Её реакция очевидна, но мой мозг и моя натура не желают смиряться с таким поворотом.
— Замолчи. Я всё сказала. Это моё единственное желание. Мой выбор. И ты должен его уважать, принять и понять, Теодор. — холодно говорит она.
Не в силах смотреть на неё, я перевожу взгляд в окно. Пропасть мы миновали. Причём, не только в прямом, но и в переносном смысле этого предложения.
Вот и ещё один необдуманный поступок, Грей. Ты придурок, который не может контролировать свою ярость. Сначала, снёс стол и всё, что на нём, а затем, полностью отхерачил от себя Дану. Айрин. Она просто могла ответить на мой звонок или на мэйл, а не впрягать меня в полный раздрайв своим игнорированием.
Что она делает со мной?!
Ведь мой поцелуй — это ни влечение к Дане, ни желание, ни жалость к ней, а злость и обида на Айрин.
Грей, ты сошёл с ума.
Весь оставшийся путь — до второй вершины — мы проделали молча. Десять мучительных, казалось бы, долгих, как столетие минут, реально напрягали меня. Я чувствовал неудобство, неуютность и отчуждённость всем своим существом…
Когда, наконец, кабина остановилась, я пропустил вперёд Дану, а затем вылез сам.
Ветер приподнял её волосы. Здесь гораздо прохладнее, чем внизу. Я стянул с себя джинсовую куртку и подойдя впритык к Дане со спины, набросил её ей на плечи.
— Не на… — начала она, но я положил руку на её губы; после чего, прорычал ей на ухо:
— Не надо сцен и не надо простужаться.
Она резко убрала мою руку от своего рта и последовала к ребятам, которые уже вышли из «небесного лифта». Все живо обсуждали то, как кабина застыла над пропастью.
Увидев меня, Фиби, с покрасневшими от слёз глазами, бросилась ко мне на шею. Ох…
— Тед, ты не не представляешь, как я испугалась! Я думала, что… — её голос задрожал, — Думала, что не увижу тебя больше…
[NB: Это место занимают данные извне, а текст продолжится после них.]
lemma (in prob_space) bounded_differences_integral:
  fixes F :: "(nat \<Rightarrow> 'b) \<Rightarrow> 'a \<Rightarrow> real"
  assumes bd: "\<And>y. y \<in> space M \<Longrightarrow> bounded_differences n A (\<lambda>x. F x y) C"
    and int: "\<And>x. x \<in> PiE {..<n} A \<Longrightarrow> integrable M (F x)"
  shows "bounded_differences n A (\<lambda>x. \<integral>y. F x y \<partial>M) C"
  unfolding bounded_differences_def
proof (intro ballI allI impI)
  fix x x' i
  assume x: "x \<in> PiE {..<n} A" and x': "x' \<in> PiE {..<n} A" and i: "i < n"
    and eq: "\<forall>j\<in>{..<n} - {i}. x j = x' j"
  have "\<bar>F x y - F x' y\<bar> \<le> C" if "y \<in> space M" for y
    using bd[OF that] x x' i eq unfolding bounded_differences_def by blast
  then have "\<bar>\<integral>y. F x y - F x' y \<partial>M\<bar> \<le> (\<integral>y. C \<partial>M)"
    using int[OF x] int[OF x']
    by (intro order_trans[OF integral_abs_bound] integral_mono) auto
  then show "\<bar>(\<integral>y. F x y \<partial>M) - (\<integral>y. F x' y \<partial>M)\<bar> \<le> C"
    using int[OF x] int[OF x'] by (simp add: prob_space)
qed

lemma integrable_bounded_differences:
  assumes N: "\<And>i. prob_space (N i)"
    and f: "f \<in> borel_measurable (PiM {..<n} N)"
    and bd: "bounded_differences n (\<lambda>i. space (N i)) f C"
  shows "integrable (PiM {..<n} N) f"
proof -
  interpret P: prob_space "PiM {..<n} N"
    by (intro prob_space_PiM N)
  show ?thesis
    using f bounded_differences_diameter[OF bd]
    by (intro P.integrable_bounded_oscillation) (auto simp: space_PiM)
qed

lemma measurable_fun_upd_section:
  assumes x: "x \<in> space (PiM I N)" and i: "i \<notin> I"
    and f: "f \<in> borel_measurable (PiM (insert i I) N)"
  shows "(\<lambda>y. f (x(i := y))) \<in> borel_measurable (N i)"
  using measurable_comp[OF measurable_component_update[OF x i] f] by (simp add: comp_def)

lemma borel_measurable_integral_fun_upd:
  fixes f :: "('i \<Rightarrow> 'a) \<Rightarrow> real"
  assumes "sigma_finite_measure (N i)"
    and f: "f \<in> borel_measurable (PiM (insert i I) N)"
  shows "(\<lambda>x. \<integral>y. f (x(i := y)) \<partial>N i) \<in> borel_measurable (PiM I N)"
proof -
  have "(\<lambda>(x, y). f (x(i := y))) \<in> borel_measurable (PiM I N \<Otimes>\<^sub>M N i)"
    using measurable_comp[OF measurable_add_dim f] by (simp add: comp_def case_prod_beta')
  then show ?thesis
    by (rule sigma_finite_measure.borel_measurable_lebesgue_integral[OF assms(1)])
qed

lemma nn_integral_exp_PiM_insert_le:
  fixes f :: "('i \<Rightarrow> 'a) \<Rightarrow> real"
  assumes N: "\<And>j. prob_space (N j)" and I: "finite I" "i \<notin> I"
    and f: "f \<in> borel_measurable (PiM (insert i I) N)"
    and K: "\<And>x. x \<in> space (PiM I N) \<Longrightarrow>
      (\<integral>\<^sup>+y. ennreal (exp (l * (f (x(i := y)) - (\<integral>y. f (x(i := y)) \<partial>N i)))) \<partial>N i) \<le> K"
  shows "(\<integral>\<^sup>+z. ennreal (exp (l * (f z - c))) \<partial>PiM (insert i I) N)
    \<le> (\<integral>\<^sup>+x. ennreal (exp (l * ((\<integral>y. f (x(i := y)) \<partial>N i) - c))) \<partial>PiM I N) * K"
proof -
  interpret product_prob_space N I
    by (rule product_prob_spaceI) (fact N)
  define g where "g x = (\<integral>y. f (x(i := y)) \<partial>N i)" for x
  have g: "g \<in> borel_measurable (PiM I N)"
    unfolding g_def by (rule borel_measurable_integral_fun_upd[OF _ f]) unfold_locales
  have "(\<integral>\<^sup>+z. ennreal (exp (l * (f z - c))) \<partial>PiM (insert i I) N)
      = (\<integral>\<^sup>+x. (\<integral>\<^sup>+y. ennreal (exp (l * (f (x(i := y)) - c))) \<partial>N i) \<partial>PiM I N)"
    using f I by (intro product_nn_integral_insert) auto
  also have "\<dots> = (\<integral>\<^sup>+x. ennreal (exp (l * (g x - c)))
      * (\<integral>\<^sup>+y. ennreal (exp (l * (f (x(i := y)) - g x))) \<partial>N i) \<partial>PiM I N)"
  proof (rule nn_integral_cong)
    fix x assume x: "x \<in> space (PiM I N)"
    have "(\<lambda>y. f (x(i := y))) \<in> borel_measurable (N i)"
      by (rule measurable_fun_upd_section[OF x I(2) f])
    moreover have "exp (l * (f (x(i := y)) - c)) = exp (l * (g x - c)) * exp (l * (f (x(i := y)) - g x))"
      for y by (simp flip: exp_add add: algebra_simps)
    ultimately show "(\<integral>\<^sup>+y. ennreal (exp (l * (f (x(i := y)) - c))) \<partial>N i)
      = ennreal (exp (l * (g x - c))) * (\<integral>\<^sup>+y. ennreal (exp (l * (f (x(i := y)) - g x))) \<partial>N i)"
      by (simp add: ennreal_mult flip: nn_integral_cmult)
  qed
  also have "\<dots> \<le> (\<integral>\<^sup>+x. ennreal (exp (l * (g x - c))) * K \<partial>PiM I N)"
    using K by (intro nn_integral_mono mult_left_mono) (auto simp: g_def)
  also have "\<dots> = (\<integral>\<^sup>+x. ennreal (exp (l * (g x - c))) \<partial>PiM I N) * K"
    using g by (intro nn_integral_multc) auto
  finally show ?thesis
    by (simp add: g_def)
qed

lemma last_coordinate_section:
  assumes f: "f \<in> borel_measurable (PiM {..<Suc n} N)"
    and bd: "bounded_differences (Suc n) (\<lambda>i. space (N i)) f C"
    and x: "x \<in> space (PiM {..<n} N)"
  shows "(\<lambda>y. f (x(n := y))) \<in> borel_measurable (N n)"
    and "\<And>y y'. y \<in> space (N n) \<Longrightarrow> y' \<in> space (N n) \<Longrightarrow> \<bar>f (x(n := y)) - f (x(n := y'))\<bar> \<le> C"
  using measurable_fun_upd_section[OF x _ f[unfolded lessThan_Suc]] x bd
  by (auto simp: space_PiM intro: bounded_differences_fun_upd_last)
— Глупышка, — прошептал я, поцеловав её в макушку.
Ну, нет. Началось. Только сырости мне тут не хватало!
— Пожалуйста, Фиби, не надо, — попросил я, но она только выдохнула и ещё мертвенно-сильно прижалась ко мне.
Я поднял глаза на стоящих вокруг меня друзей. У Эвы и Джеки в глазах стояли слёзы, я слабо улыбнулся им, ища спасения. Надеялся, что они как-то. успокоят Фиби, что ли, но… Они кинулись к моим плечам и зарыдали.
Чёрт. Прекрасно.
— Вы хотите, чтобы я промок? — пытаюсь разрядить обстановку. Дамы смеются, не прекращая Великого потопа.
— Вы его, как будто, с войны встречаете! — раздаётся мужской, незнакомый мне, весёлый голос.